#### Work to be completed
For each line below, check whether "traversal" is present. Report how many lines have it, nothing else.

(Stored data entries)

# # # # #

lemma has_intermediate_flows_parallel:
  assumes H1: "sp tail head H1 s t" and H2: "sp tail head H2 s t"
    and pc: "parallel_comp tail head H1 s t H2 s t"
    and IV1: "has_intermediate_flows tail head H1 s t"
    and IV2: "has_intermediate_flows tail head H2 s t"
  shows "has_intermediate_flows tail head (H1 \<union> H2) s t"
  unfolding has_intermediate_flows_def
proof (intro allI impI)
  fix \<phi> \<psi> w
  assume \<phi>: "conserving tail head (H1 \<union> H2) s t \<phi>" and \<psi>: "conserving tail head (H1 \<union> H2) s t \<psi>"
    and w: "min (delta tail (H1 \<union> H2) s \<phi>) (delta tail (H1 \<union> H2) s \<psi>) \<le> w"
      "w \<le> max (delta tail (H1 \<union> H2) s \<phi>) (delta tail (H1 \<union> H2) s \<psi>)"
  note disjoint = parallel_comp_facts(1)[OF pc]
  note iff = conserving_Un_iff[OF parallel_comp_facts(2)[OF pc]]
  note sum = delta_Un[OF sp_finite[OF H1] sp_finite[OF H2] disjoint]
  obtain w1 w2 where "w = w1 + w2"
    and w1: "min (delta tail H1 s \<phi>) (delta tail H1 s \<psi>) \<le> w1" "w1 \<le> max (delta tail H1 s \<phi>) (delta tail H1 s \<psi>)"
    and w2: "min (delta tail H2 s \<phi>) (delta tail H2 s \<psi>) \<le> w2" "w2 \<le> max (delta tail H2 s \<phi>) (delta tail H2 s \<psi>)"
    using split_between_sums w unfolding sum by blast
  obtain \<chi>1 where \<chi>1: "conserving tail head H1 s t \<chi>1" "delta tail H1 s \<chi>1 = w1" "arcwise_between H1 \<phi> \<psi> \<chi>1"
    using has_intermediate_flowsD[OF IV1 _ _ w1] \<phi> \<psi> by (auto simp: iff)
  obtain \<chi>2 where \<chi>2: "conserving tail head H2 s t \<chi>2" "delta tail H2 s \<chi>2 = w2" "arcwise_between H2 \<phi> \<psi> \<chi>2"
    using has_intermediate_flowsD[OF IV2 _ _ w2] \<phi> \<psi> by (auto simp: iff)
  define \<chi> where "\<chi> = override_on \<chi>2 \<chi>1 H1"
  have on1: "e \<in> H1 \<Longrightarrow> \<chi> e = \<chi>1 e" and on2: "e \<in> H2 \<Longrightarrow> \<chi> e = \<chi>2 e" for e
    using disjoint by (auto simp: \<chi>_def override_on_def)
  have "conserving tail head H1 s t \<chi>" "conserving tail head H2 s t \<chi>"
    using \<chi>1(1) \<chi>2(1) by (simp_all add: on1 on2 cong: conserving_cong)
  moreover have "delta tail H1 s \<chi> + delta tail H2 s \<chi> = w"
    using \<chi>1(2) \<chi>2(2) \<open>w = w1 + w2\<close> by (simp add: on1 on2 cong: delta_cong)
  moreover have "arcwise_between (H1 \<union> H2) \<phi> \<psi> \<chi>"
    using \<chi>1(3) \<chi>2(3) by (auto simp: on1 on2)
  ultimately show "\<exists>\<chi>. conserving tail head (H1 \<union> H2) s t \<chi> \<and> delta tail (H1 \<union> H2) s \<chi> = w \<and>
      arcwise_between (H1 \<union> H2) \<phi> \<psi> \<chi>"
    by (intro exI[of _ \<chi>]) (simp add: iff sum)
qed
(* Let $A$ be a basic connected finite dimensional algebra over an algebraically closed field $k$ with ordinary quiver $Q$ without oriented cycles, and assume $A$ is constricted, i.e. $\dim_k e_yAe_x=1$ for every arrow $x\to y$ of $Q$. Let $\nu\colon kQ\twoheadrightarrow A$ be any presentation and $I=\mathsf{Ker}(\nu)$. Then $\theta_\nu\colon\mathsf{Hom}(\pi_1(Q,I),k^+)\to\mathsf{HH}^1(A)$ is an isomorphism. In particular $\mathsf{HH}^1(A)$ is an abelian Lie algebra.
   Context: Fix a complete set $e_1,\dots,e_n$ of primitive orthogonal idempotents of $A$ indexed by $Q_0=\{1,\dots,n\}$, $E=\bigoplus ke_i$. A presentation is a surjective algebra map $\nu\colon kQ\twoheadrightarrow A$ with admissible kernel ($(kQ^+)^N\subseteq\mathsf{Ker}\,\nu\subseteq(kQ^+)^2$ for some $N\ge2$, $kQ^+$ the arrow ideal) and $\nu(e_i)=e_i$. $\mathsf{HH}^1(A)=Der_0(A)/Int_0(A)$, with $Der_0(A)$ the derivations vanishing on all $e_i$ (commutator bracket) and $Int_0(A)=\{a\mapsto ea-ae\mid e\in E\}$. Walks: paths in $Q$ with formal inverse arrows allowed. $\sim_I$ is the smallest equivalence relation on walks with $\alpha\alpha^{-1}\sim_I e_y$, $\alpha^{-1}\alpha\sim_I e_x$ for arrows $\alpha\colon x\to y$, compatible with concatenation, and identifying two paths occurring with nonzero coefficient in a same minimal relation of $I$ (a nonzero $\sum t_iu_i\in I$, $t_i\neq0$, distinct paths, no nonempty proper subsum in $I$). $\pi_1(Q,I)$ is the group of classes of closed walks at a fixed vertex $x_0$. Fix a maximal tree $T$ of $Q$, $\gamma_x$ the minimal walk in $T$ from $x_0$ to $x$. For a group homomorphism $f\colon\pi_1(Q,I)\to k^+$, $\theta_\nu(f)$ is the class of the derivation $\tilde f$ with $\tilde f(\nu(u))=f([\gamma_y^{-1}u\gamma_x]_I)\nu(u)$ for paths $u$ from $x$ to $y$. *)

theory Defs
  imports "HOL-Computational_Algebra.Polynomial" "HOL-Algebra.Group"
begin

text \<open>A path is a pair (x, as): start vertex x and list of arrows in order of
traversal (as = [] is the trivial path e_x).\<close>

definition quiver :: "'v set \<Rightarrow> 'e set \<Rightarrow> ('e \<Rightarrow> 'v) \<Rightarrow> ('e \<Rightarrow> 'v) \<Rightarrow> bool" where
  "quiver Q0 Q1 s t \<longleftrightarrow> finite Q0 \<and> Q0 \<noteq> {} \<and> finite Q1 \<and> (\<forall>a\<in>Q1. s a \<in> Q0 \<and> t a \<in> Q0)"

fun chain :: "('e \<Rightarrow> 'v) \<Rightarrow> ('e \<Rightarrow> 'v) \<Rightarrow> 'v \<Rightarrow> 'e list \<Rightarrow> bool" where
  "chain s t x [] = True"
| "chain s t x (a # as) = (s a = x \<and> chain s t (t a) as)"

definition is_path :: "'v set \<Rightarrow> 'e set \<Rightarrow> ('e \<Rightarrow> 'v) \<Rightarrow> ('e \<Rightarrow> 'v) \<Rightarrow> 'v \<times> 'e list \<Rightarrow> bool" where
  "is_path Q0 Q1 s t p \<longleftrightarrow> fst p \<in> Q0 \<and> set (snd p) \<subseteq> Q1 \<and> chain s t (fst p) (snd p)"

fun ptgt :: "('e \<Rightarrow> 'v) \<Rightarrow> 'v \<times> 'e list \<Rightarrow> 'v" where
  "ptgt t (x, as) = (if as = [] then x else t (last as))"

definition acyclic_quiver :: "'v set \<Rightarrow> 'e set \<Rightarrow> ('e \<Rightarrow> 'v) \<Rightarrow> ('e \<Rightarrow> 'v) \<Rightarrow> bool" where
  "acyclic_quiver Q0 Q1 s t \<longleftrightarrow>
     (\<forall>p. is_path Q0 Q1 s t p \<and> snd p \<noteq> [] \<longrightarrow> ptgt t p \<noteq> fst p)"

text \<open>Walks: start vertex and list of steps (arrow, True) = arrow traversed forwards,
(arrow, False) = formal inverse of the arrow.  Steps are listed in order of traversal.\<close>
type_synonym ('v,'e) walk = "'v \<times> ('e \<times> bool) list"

# # # # #

#### Answer to this problem
2